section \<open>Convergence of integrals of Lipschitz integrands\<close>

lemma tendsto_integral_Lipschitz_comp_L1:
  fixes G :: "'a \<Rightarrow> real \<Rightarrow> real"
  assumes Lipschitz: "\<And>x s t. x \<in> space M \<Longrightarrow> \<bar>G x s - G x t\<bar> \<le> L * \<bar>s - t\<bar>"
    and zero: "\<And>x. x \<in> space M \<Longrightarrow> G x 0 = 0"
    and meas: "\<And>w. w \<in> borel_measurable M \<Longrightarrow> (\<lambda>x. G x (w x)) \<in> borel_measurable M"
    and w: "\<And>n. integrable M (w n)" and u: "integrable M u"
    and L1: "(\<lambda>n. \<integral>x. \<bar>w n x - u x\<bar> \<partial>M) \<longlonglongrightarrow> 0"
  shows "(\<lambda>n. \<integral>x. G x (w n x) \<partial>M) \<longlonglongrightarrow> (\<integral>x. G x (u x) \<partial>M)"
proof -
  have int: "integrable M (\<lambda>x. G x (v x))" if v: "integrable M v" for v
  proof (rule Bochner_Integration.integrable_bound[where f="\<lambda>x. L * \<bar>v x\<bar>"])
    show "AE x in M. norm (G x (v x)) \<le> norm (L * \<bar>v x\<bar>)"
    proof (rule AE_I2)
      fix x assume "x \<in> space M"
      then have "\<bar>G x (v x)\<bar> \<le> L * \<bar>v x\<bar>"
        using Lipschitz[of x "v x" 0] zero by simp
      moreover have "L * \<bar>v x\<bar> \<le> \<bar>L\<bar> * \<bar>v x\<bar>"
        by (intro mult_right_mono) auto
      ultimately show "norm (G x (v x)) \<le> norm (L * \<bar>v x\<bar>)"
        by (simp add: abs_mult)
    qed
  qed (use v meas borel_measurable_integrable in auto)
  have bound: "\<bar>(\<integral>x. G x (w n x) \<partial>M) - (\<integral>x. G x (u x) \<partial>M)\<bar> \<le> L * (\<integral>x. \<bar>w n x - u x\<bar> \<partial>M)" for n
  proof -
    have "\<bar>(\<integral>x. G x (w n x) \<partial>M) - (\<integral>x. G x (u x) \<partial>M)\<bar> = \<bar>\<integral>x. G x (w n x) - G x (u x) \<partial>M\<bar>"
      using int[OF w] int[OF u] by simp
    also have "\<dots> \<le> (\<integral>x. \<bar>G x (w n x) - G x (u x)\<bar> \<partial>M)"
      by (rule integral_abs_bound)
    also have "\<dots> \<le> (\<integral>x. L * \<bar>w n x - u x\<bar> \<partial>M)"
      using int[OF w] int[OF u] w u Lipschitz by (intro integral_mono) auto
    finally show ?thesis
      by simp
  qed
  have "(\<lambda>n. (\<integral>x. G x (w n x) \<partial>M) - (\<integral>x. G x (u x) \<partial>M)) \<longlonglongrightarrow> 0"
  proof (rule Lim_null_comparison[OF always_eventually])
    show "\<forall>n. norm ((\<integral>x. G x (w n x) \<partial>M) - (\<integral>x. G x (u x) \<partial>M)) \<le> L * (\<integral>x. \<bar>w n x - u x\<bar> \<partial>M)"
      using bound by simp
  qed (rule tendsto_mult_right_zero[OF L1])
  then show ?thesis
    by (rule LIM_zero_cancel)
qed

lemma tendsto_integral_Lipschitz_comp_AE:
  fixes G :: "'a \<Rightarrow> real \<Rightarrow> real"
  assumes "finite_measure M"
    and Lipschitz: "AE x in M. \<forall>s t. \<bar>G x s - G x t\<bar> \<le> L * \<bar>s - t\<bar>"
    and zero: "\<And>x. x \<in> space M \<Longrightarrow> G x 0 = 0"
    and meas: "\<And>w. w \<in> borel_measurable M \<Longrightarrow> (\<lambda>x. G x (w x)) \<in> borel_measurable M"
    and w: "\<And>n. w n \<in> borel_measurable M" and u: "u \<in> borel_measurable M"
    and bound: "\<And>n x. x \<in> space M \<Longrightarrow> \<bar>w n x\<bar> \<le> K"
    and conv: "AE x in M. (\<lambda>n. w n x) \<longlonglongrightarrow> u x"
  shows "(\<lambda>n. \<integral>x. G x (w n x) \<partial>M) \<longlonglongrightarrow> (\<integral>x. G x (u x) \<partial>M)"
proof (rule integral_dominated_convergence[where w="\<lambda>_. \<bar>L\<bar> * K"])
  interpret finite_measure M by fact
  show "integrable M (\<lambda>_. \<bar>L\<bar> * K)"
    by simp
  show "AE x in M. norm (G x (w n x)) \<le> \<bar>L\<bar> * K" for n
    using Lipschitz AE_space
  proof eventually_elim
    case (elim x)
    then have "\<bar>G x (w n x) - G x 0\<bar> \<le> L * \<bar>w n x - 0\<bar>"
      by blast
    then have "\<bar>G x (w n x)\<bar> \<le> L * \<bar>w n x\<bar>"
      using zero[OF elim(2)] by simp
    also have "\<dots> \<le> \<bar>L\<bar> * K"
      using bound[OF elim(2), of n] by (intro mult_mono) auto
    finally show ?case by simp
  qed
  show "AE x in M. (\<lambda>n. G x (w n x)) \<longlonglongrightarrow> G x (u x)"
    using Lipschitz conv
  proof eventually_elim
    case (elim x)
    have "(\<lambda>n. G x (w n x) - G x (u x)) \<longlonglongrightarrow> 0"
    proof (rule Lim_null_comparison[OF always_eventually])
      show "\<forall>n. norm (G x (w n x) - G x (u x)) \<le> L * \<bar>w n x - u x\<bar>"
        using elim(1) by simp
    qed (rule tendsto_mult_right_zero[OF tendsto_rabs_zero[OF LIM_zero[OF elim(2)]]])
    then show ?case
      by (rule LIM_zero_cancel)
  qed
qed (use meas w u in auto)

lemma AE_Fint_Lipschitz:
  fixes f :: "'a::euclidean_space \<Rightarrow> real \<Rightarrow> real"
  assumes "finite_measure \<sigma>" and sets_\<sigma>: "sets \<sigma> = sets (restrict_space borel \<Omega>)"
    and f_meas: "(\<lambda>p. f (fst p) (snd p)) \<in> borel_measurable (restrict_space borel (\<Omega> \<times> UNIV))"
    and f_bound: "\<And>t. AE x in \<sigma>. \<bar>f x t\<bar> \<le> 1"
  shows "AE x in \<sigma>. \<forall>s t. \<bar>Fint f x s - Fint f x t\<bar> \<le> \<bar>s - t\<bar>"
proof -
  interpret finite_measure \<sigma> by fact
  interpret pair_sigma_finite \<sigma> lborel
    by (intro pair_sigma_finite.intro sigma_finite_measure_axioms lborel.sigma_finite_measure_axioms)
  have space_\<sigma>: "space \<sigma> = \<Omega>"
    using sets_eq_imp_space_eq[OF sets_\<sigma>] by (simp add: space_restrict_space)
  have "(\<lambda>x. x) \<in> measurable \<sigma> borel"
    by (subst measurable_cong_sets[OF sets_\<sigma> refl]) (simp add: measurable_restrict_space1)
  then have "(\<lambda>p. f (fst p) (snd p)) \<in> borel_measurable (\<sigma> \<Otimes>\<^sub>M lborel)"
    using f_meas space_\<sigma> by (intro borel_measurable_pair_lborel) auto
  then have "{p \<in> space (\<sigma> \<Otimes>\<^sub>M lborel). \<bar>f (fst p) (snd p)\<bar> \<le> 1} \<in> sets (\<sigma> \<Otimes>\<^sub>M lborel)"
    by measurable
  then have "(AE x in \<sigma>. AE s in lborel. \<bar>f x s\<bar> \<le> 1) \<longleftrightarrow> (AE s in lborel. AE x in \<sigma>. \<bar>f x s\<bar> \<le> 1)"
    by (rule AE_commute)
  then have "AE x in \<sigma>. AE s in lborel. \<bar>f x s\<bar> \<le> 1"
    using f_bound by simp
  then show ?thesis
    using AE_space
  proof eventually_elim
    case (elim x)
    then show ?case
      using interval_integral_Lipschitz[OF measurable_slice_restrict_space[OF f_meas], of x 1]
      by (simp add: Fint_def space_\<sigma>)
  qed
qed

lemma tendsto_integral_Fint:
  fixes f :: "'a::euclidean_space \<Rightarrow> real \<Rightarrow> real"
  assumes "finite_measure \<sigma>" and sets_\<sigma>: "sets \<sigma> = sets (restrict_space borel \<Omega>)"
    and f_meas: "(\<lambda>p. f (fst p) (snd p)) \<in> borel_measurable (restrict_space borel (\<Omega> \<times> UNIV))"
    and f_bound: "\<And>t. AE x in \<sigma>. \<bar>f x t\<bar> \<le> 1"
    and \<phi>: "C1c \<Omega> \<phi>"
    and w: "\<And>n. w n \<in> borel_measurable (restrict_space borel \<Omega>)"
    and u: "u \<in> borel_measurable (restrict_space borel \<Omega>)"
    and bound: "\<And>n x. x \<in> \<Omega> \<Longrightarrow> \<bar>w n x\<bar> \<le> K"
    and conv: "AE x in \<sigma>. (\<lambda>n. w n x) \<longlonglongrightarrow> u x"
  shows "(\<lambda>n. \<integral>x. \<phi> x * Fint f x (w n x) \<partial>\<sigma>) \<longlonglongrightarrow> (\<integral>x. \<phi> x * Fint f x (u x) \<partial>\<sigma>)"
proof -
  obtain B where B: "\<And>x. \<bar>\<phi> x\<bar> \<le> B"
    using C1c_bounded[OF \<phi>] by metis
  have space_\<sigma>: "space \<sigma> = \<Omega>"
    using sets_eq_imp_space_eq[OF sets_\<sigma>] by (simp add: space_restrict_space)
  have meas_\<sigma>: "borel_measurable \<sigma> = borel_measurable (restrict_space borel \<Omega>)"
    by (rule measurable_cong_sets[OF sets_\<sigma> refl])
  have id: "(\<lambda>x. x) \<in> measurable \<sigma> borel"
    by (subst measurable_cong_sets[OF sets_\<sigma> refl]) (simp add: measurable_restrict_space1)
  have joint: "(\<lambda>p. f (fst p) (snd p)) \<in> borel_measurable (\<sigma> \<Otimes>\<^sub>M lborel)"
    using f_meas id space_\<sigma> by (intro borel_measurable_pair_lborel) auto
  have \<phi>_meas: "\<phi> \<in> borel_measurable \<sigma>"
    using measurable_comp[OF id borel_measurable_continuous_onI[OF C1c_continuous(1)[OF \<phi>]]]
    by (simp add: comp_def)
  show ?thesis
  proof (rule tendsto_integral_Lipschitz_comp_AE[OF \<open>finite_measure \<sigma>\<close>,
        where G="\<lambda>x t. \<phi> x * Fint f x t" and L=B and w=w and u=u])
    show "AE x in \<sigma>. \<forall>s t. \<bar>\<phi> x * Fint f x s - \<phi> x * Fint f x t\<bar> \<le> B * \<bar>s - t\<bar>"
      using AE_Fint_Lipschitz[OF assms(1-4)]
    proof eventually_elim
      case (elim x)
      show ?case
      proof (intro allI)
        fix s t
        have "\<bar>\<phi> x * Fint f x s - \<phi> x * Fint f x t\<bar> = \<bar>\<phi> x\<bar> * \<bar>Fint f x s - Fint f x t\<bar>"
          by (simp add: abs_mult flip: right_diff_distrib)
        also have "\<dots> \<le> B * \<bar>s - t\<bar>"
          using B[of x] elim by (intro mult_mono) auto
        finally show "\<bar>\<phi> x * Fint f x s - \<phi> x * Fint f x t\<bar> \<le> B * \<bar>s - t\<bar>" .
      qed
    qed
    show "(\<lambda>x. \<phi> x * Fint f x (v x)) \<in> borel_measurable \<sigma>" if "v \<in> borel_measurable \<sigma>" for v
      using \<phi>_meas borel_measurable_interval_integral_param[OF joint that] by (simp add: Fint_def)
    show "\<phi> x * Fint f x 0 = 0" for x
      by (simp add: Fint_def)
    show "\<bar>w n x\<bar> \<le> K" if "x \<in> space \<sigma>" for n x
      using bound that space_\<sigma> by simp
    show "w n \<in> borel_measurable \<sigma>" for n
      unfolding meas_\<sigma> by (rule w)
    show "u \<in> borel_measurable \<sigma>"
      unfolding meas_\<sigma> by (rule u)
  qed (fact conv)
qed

§

* TASK REQUIREMENTS
The stretch of entries above that starts with the line containing "qed (use v meas" and goes on through the line containing "using int[OF w] int[OF u] w" is to be transcribed exactly, and no other line is to be transcribed.

* SOLUTION BELOW
  qed (use v meas borel_measurable_integrable in auto)
  have bound: "\<bar>(\<integral>x. G x (w n x) \<partial>M) - (\<integral>x. G x (u x) \<partial>M)\<bar> \<le> L * (\<integral>x. \<bar>w n x - u x\<bar> \<partial>M)" for n
  proof -
    have "\<bar>(\<integral>x. G x (w n x) \<partial>M) - (\<integral>x. G x (u x) \<partial>M)\<bar> = \<bar>\<integral>x. G x (w n x) - G x (u x) \<partial>M\<bar>"
      using int[OF w] int[OF u] by simp
    also have "\<dots> \<le> (\<integral>x. \<bar>G x (w n x) - G x (u x)\<bar> \<partial>M)"
      by (rule integral_abs_bound)
    also have "\<dots> \<le> (\<integral>x. L * \<bar>w n x - u x\<bar> \<partial>M)"
      using int[OF w] int[OF u] w u Lipschitz by (intro integral_mono) auto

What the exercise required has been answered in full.